Estas palabras no son ni una guía ni un manifiesto. Son una invitación, tal vez un aviso para dejar de hablar del éxito como algo externo y empezar a medirlo por la calidad de nuestras conversaciones internas. Porque en el mundo de metas trimestrales e indicadores lo que realmente importa no cabe en una hoja de cálculo: cabe en la paz de saber quién eres, en la alegría de compartirlo con otros y en el coraje de pedir ayuda cuando la necesitas, de identificar esos espejos rotos y preguntar varias veces, como lo hicieron mis jefes o mis amigos, pues seguro alguien de tu equipo o de tu círculo, necesita ese pequeño empujón para abrirse y poder volver a poner cada pieza en su lugar.

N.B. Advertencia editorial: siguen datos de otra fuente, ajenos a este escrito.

(* Let $\epsilon$ be a fixed constant with $0<\epsilon<1$ and let $d=o(\sqrt{n})$. Any randomized one-pass streaming algorithm that, on every input stream $S$ of length $n$ (over the binary alphabet), returns an estimate $\hat{\ell}$ satisfying $\hat{\ell}\le\ell_{max}\le(1+\epsilon)\hat{\ell}$ with probability at least $1-\frac{1}{n}$ must use $\Omega(d\log n)$ bits of space.
   Context: Streaming model: the symbols of the input string arrive one at a time and the algorithm keeps only its working memory, measured in bits. For a string $T$ of length $m$, $T^R$ denotes its reverse and $\mathsf{HAM}(T,T^R)=|\{i\in[m]: T[i]\neq T[m+1-i]\}|$. $T$ is a $d$-near-palindrome if $\mathsf{HAM}(T,T^R)\le d$. $\ell_{max}$ is the maximum length of a substring of the input that is a $d$-near-palindrome. *)

theory Defs
  imports "HOL-Probability.Probability" "HOL-Library.Landau_Symbols"
begin

definition HAM_rev :: "bool list \<Rightarrow> nat" where
  "HAM_rev T = card {i. i < length T \<and> T ! i \<noteq> T ! (length T - 1 - i)}"

definition near_palindrome :: "nat \<Rightarrow> bool list \<Rightarrow> bool" where
  "near_palindrome d T \<longleftrightarrow> HAM_rev T \<le> d"

definition substr :: "bool list \<Rightarrow> nat \<Rightarrow> nat \<Rightarrow> bool list" where
  "substr S i j = take (j - i) (drop i S)"

definition l_max :: "nat \<Rightarrow> bool list \<Rightarrow> nat" where
  "l_max d S = Max {j - i | i j. i \<le> j \<and> j \<le> length S \<and> near_palindrome d (substr S i j)}"

text \<open>A randomized one-pass streaming algorithm with private coins.
  Its memory states are natural numbers; with s bits of space all states lie in {..<2^s}.
  init: random initial state; delta i q b: random next state after reading symbol b at
  position i (dependence on i only strengthens the model); out q: random estimate
  produced from final state q.\<close>
definition uses_space ::
  "nat \<Rightarrow> nat pmf \<Rightarrow> (nat \<Rightarrow> nat \<Rightarrow> bool \<Rightarrow> nat pmf) \<Rightarrow> bool" where
  "uses_space s init delta \<longleftrightarrow>
     set_pmf init \<subseteq> {..<2^s} \<and>
     (\<forall>i q b. q < 2^s \<longrightarrow> set_pmf (delta i q b) \<subseteq> {..<2^s})"

fun run_states :: "nat pmf \<Rightarrow> (nat \<Rightarrow> nat \<Rightarrow> bool \<Rightarrow> nat pmf) \<Rightarrow> nat \<Rightarrow> bool list \<Rightarrow> nat pmf" where
  "run_states init delta i [] = init"
| "run_states init delta i (b # bs) =
     run_states (init \<bind> (\<lambda>q. delta i q b)) delta (Suc i) bs"

definition run_alg ::
  "nat pmf \<Rightarrow> (nat \<Rightarrow> nat \<Rightarrow> bool \<Rightarrow> nat pmf) \<Rightarrow> (nat \<Rightarrow> real pmf) \<Rightarrow> bool list \<Rightarrow> real pmf" where
  "run_alg init delta out S = run_states init delta 0 S \<bind> out"

end

theory Submission
  imports Defs
begin

text \<open>
  A fooling-set argument. The base word is the palindrome obtained by mirroring the 6-periodic
  word 001011 about the centre; on any six consecutive positions this word differs from each of
  its non-trivial shifts and from each of its reflections. For a set X of k = d div 2 + 1
  positions in the second quarter and one position j there, flip the positions of X in the
  first half and the mirror image of j in the second half. If j \<in> X the two flips of j cancel,
  the word has at most 2(k - 1) \<le> d mismatches with its reverse, and \<ell>_max = n. If j \<notin> X, every
  window longer than n/2 has more than d mismatches: when its centre is far from the centre of
  the word, or offset by an amount not divisible by 6, the base word alone produces them, and
  otherwise the k + 1 flips do, since they cannot be matched by their mirror images. A
  (1 + \<epsilon>)-approximation of \<ell>_max separates the two cases, so the memory state after the first half
  determines X among (n div 10 choose k) sets, and s \<ge> log (n div 10 choose k) = \<Omega>(d log n).
\<close>

section \<open>A pattern far from its shifts and reflections\<close>

definition pattern :: "nat \<Rightarrow> bool" where "pattern r \<longleftrightarrow> r mod 6 \<in> {2, 4, 5}"

lemma pattern_mod: "pattern (r mod 6) = pattern r"
  by (simp add: pattern_def)

lemma pattern_add_period: "6 dvd t \<Longrightarrow> pattern (y + t) = pattern y"
  by (metis dvd_imp_mod_0 mod_add_right_eq add_0_right pattern_mod)

lemma mod_6_cases: "(r::nat) mod 6 \<in> {0, 1, 2, 3, 4, 5}"
  by auto

lemma pattern_reflection_witness:
  assumes "a + 5 \<le> c"
  shows "\<exists>y. a \<le> y \<and> y < a + 6 \<and> pattern y \<noteq> pattern (c - y)"
proof -
  have "\<forall>r\<in>{0, 1, 2, 3, 4, 5}. \<forall>e\<in>{0, 1, 2, 3, 4, 5}. \<exists>i\<in>{0, 1, 2, 3, 4, 5::nat}.
          pattern ((r + i) mod 6) \<noteq> pattern ((e + (5 - i)) mod 6)"
    by (simp add: pattern_def)
  from bspec[OF bspec[OF this mod_6_cases] mod_6_cases]
  obtain i where i: "i \<in> {0, 1, 2, 3, 4, 5}"
    "pattern ((a mod 6 + i) mod 6) \<noteq> pattern (((c - a - 5) mod 6 + (5 - i)) mod 6)"
    by blast
  have "c - (a + i) = (c - a - 5) + (5 - i)"
    using assms i(1) by auto
  then have "pattern (a + i) \<noteq> pattern (c - (a + i))"
    using i(2) by (metis mod_add_left_eq pattern_mod)
  then show ?thesis
    using i(1) by (intro exI[of _ "a + i"]) auto
qed

lemma pattern_shift_witness:
  assumes "\<not> 6 dvd t"
  shows "\<exists>y. a \<le> y \<and> y < a + 6 \<and> pattern y \<noteq> pattern (y + t)"
proof -
  have table: "\<forall>r\<in>{0, 1, 2, 3, 4, 5}. \<forall>s\<in>{1, 2, 3, 4, 5}. \<exists>i\<in>{0, 1, 2, 3, 4, 5::nat}.
          pattern ((r + i) mod 6) \<noteq> pattern ((r + i + s) mod 6)"
    by (simp add: pattern_def)
  have "t mod 6 \<in> {1, 2, 3, 4, 5}"
    using assms mod_6_cases[of t] by (auto simp: dvd_eq_mod_eq_0)
  then have "\<exists>i\<in>{0, 1, 2, 3, 4, 5}. pattern ((a mod 6 + i) mod 6) \<noteq> pattern ((a mod 6 + i + t mod 6) mod 6)"
    by (rule bspec[OF bspec[OF table mod_6_cases]])
  then obtain i where i: "i \<in> {0, 1, 2, 3, 4, 5}"
    "pattern ((a mod 6 + i) mod 6) \<noteq> pattern ((a mod 6 + i + t mod 6) mod 6)"
    by blast
  then have "pattern (a + i) \<noteq> pattern (a + i + t)"
    by (metis mod_add_left_eq mod_add_right_eq pattern_mod)
  then show ?thesis
    using i(1) by (intro exI[of _ "a + i"]) auto
qed
(* Let $k\geq 3$, $\chi\geq 2$, $t\geq k-1$ and $n\geq 3(k-1)$ be integers with $n\equiv 1\pmod{k-1}$. Let $H$ be the $k$-graph on vertex set $A_1\sqcup\dots\sqcup A_\chi$, where $|A_i|>(\chi-1)(k-2)+\tau(k-1,t)$ for all $i\in[\chi-1]$ and $|A_\chi|=t$, whose edges are all $k$-subsets $e$ of the vertex set such that $|e\cap A_i|=k-1$ for some $i\in[\chi]$. Then $R(P^{(k)}_{n,1},H)\geq (\chi-1)(n-1)+\tau(k-1,t)-2k+3$.
   Context: A $k$-graph is a $k$-uniform hypergraph. $R(G,H)$ is the least $N$ such that every red/blue colouring of the edges of $K^{(k)}_N$ contains a red copy of $G$ or a blue copy of $H$. The loose path $P^{(k)}_{n,1}$ ($n=q(k-1)+1$) has vertices $v_1,\dots,v_n$ and edges $\{v_{(i-1)(k-1)+1},\dots,v_{i(k-1)+1}\}$, $i\in[q]$. For integers $j,\alpha\ge1$, $\tau(j,\alpha)$ is the largest $N$ such that some $j$-uniform hypergraph on $N$ vertices has independence number less than $\alpha$ and no two edges meeting in exactly one vertex. *)

theory Defs
  imports Main
begin

definition has_copy :: "'a set \<Rightarrow> 'a set set \<Rightarrow> 'b set \<Rightarrow> 'b set set \<Rightarrow> bool" where
  "has_copy VG EG W F \<longleftrightarrow>
     (\<exists>f. inj_on f VG \<and> f ` VG \<subseteq> W \<and> (\<forall>e\<in>EG. f ` e \<in> F))"

definition complete_kgraph_edges :: "nat \<Rightarrow> nat \<Rightarrow> nat set set" where
  "complete_kgraph_edges k N = {e. e \<subseteq> {0..<N} \<and> card e = k}"

definition ramsey_number :: "nat \<Rightarrow> 'a set \<Rightarrow> 'a set set \<Rightarrow> 'b set \<Rightarrow> 'b set set \<Rightarrow> nat" where
  "ramsey_number k VG EG VH EH =
     (LEAST N. \<forall>c :: nat set \<Rightarrow> bool.
        has_copy VG EG {0..<N} {e \<in> complete_kgraph_edges k N. c e} \<or>
        has_copy VH EH {0..<N} {e \<in> complete_kgraph_edges k N. \<not> c e})"

text \<open>Loose path P^(k)_{n,1} with vertices 1..n, n = q(k-1)+1.\<close>
definition loose_path_vertices :: "nat \<Rightarrow> nat set" where
  "loose_path_vertices n = {1..n}"

definition loose_path_edges :: "nat \<Rightarrow> nat \<Rightarrow> nat set set" where
  "loose_path_edges k n =
     (\<lambda>i. {(i - 1) * (k - 1) + 1 .. i * (k - 1) + 1}) ` {1 .. (n - 1) div (k - 1)}"

definition tau :: "nat \<Rightarrow> nat \<Rightarrow> nat" where
  "tau j \<alpha> = (GREATEST N. \<exists>E :: nat set set.
      E \<subseteq> {e. e \<subseteq> {0..<N} \<and> card e = j} \<and>
      (\<forall>I. I \<subseteq> {0..<N} \<and> (\<forall>e\<in>E. \<not> e \<subseteq> I) \<longrightarrow> card I < \<alpha>) \<and>
      (\<forall>e\<in>E. \<forall>e'\<in>E. e \<noteq> e' \<longrightarrow> card (e \<inter> e') \<noteq> 1))"

end

theory Submission
  imports Defs "HOL-Library.Ramsey" "HOL-Library.FuncSet"
begin

text \<open>
  Let \<open>\<tau> = tau (k - 1) t\<close> and \<open>G\<close> a \<open>(k - 1)\<close>-graph on \<open>\<tau>\<close> vertices without independent
  \<open>t\<close>-sets and without two edges meeting in exactly one vertex. Cut
  \<open>N = \<tau> + (n + 1 - 2k) + (\<chi> - 2)(n - 1)\<close> vertices into block 0 of size \<open>\<tau>\<close>, carrying \<open>G\<close>,
  block 1 of size \<open>n + 1 - 2k\<close> and \<open>\<chi> - 2\<close> blocks of size \<open>n - 1\<close>. Colour an edge red if it
  lies inside one block other than block 0, or if it is an edge of \<open>G\<close> plus a vertex of block 1.

  A red loose path cannot leave its class, where blocks 0 and 1 form one class. A block of size
  \<open>n - 1\<close> is too small for it. In blocks 0 and 1 only the first and the last edge of the path can
  meet block 0, since at an inner joint two edges of \<open>G\<close> would meet in one vertex; so the path has
  at most \<open>2(k - 1) + (n + 1 - 2k) = n - 1\<close> vertices.

  In a blue copy of \<open>H\<close>, pigeonhole gives each part \<open>A i\<close>, \<open>i < \<chi>\<close>, some \<open>k - 1\<close> vertices
  inside one of the blocks \<open>1, \<dots>, \<chi> - 1\<close>. Different parts get different blocks, else
  these vertices plus one vertex of the other part form a red edge of \<open>H\<close>. Hence \<open>A \<chi>\<close> is mapped
  into block 0, where its \<open>t\<close> vertices contain an edge of \<open>G\<close>; with a block-1 vertex of the
  part sent to block 1 this is a red edge of \<open>H\<close>.
\<close>

section \<open>Ramsey numbers and the function tau\<close>

lemma ramsey_two_colours:
  obtains N :: nat where
    "\<And>c :: nat set \<Rightarrow> bool. \<exists>H\<subseteq>{0..<N}.
       (card H = a \<and> (\<forall>e\<subseteq>H. card e = r \<longrightarrow> c e)) \<or>
       (card H = b \<and> (\<forall>e\<subseteq>H. card e = r \<longrightarrow> \<not> c e))"
proof -
  obtain N :: nat where N: "partn_lst {..<N} [a, b] r"
    using ramsey_full by blast
  have "\<exists>H\<subseteq>{0..<N}. (card H = a \<and> (\<forall>e\<subseteq>H. card e = r \<longrightarrow> c e)) \<or>
          (card H = b \<and> (\<forall>e\<subseteq>H. card e = r \<longrightarrow> \<not> c e))" for c :: "nat set \<Rightarrow> bool"
  proof -
    have "(\<lambda>e. if c e then 0 else 1) \<in> [{..<N}]\<^bsup>r\<^esup> \<rightarrow> {..<length [a, b]}"
      by auto
    then obtain i H where i: "i < 2" and H: "H \<in> nsets {..<N} ([a, b] ! i)"
      and mono: "(\<lambda>e. if c e then 0 else 1) ` [H]\<^bsup>r\<^esup> \<subseteq> {i}"
      using partn_lstE[OF N] by (metis length_Cons list.size(3) numeral_2_eq_2)
    have "c e \<longleftrightarrow> i = 0" if "e \<subseteq> H" "card e = r" for e
    proof -
      have "finite e" using H that(1) finite_subset by (auto simp: nsets_def)
      then have "e \<in> [H]\<^bsup>r\<^esup>" using that by (simp add: nsets_def)
      then show ?thesis using mono by (auto split: if_splits)
    qed
    moreover have "H \<subseteq> {0..<N}" "card H = [a, b] ! i" using H by (auto simp: nsets_def)
    ultimately show ?thesis using i by (cases i) auto
  qed
  then show thesis using that by blast
qed

lemma two_subsets_meeting_in_one_point:
  assumes "finite H" "card H = 2 * j - 1" "j \<ge> 2"
  obtains e e' where "e \<subseteq> H" "e' \<subseteq> H" "card e = j" "card e' = j" "e \<noteq> e'" "card (e \<inter> e') = 1"
proof -
  obtain x where x: "x \<in> H" using assms by fastforce
  have "card (H - {x}) = 2 * (j - 1)" using assms x by simp
  then obtain B where B: "B \<subseteq> H - {x}" "card B = j - 1"
    by (metis obtain_subset_with_card_n le_add1 mult_2)
  have B': "card (H - {x} - B) = j - 1"
    using B assms \<open>card (H - {x}) = 2 * (j - 1)\<close> by (simp add: card_Diff_subset finite_subset)
  have fin: "finite B" "finite (H - {x} - B)" using B assms(1) finite_subset by auto
  show thesis
  proof (rule that[of "insert x B" "insert x (H - {x} - B)"])
    show "card (insert x B) = j" "card (insert x (H - {x} - B)) = j"
      using B B' fin assms(3) by (auto simp: card_insert_if)
    have meet: "insert x B \<inter> insert x (H - {x} - B) = {x}" by blast
    then show "card (insert x B \<inter> insert x (H - {x} - B)) = 1" by simp
    show "insert x B \<noteq> insert x (H - {x} - B)"
    proof
      assume "insert x B = insert x (H - {x} - B)"
      then have "insert x B = {x}" using meet by (metis Int_absorb)
      then have "card (insert x B) = card {x}" by (rule arg_cong)
      then show False using \<open>card (insert x B) = j\<close> assms(3) by simp
    qed
  qed (use B x in auto)
qed

lemma pigeonhole_large_fibre:
  assumes "finite Y" "h \<in> Y \<rightarrow> {1..p}" "p * r < card Y"
  obtains b where "b \<in> {1..p}" "r < card {y \<in> Y. h y = b}"
proof -
  have "Y \<noteq> {}" using assms(3) by auto
  then have "{1..p} \<noteq> {}" using assms(2) by blast
  then obtain b where b: "b \<in> {1..p}" and "card Y \<le> card (h -` {b} \<inter> Y) * card {1..p}"
    using pigeonhole_card[OF assms(2,1) finite_atLeastAtMost] by blast
  moreover have "h -` {b} \<inter> Y = {y \<in> Y. h y = b}" by auto
  ultimately have "card Y \<le> p * card {y \<in> Y. h y = b}" by (simp add: mult.commute)
  then have "p * r < p * card {y \<in> Y. h y = b}" using assms(3) by linarith
  then show thesis using that[OF b] by simp
qed

lemma has_copy_mono:
  assumes "has_copy V E W F" "W \<subseteq> W'" "F \<subseteq> F'"
  shows "has_copy V E W' F'"
proof -
  obtain f where "inj_on f V" "f ` V \<subseteq> W" "\<forall>e\<in>E. f ` e \<in> F"
    using assms(1) unfolding has_copy_def by blast
  then have "inj_on f V \<and> f ` V \<subseteq> W' \<and> (\<forall>e\<in>E. f ` e \<in> F')"
    using assms(2,3) by blast
  then show ?thesis unfolding has_copy_def by blast
qed

lemma has_copy_in_clique:
  assumes "finite V" "\<forall>e\<in>E. e \<subseteq> V \<and> card e = k"
    and "H \<subseteq> {0..<N}" "card H = card V" "\<forall>e\<subseteq>H. card e = k \<longrightarrow> P e"
  shows "has_copy V E {0..<N} {e \<in> complete_kgraph_edges k N. P e}"
proof -
  obtain f where "bij_betw f V H"
    using finite_same_card_bij[OF assms(1) finite_subset[OF assms(3) finite_atLeastLessThan]] assms(4)
    by metis
  then have inj: "inj_on f V" and im: "f ` V = H" by (simp_all add: bij_betw_def)
  have "f ` e \<in> {e \<in> complete_kgraph_edges k N. P e}" if "e \<in> E" for e
  proof -
    have "e \<subseteq> V" "card e = k" using assms(2) that by auto
    then have "f ` e \<subseteq> H" "card (f ` e) = k"
      using im card_image[OF inj_on_subset[OF inj]] by auto
    then show ?thesis using assms(3,5) by (auto simp: complete_kgraph_edges_def)
  qed
  then show ?thesis using inj im assms(3) unfolding has_copy_def by blast
qed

En el décimo piso, el dispensador de café sigue goteando. Marta ríe otra vez, pero esta vez no con la risa que hiela. Hoy, después de meses de posponerlo, hizo su primera cita con el psicólogo. Quizás el mundo no cambie por eso, pero el suyo, al menos, empieza a moverse en la dirección correcta. Y a veces, eso es todo lo que se necesita. Se aleja con su café mientas tararea la canción de Bob Marley que dice: “dont worry, about a thing, ´cause every little thing is gonna be alright!”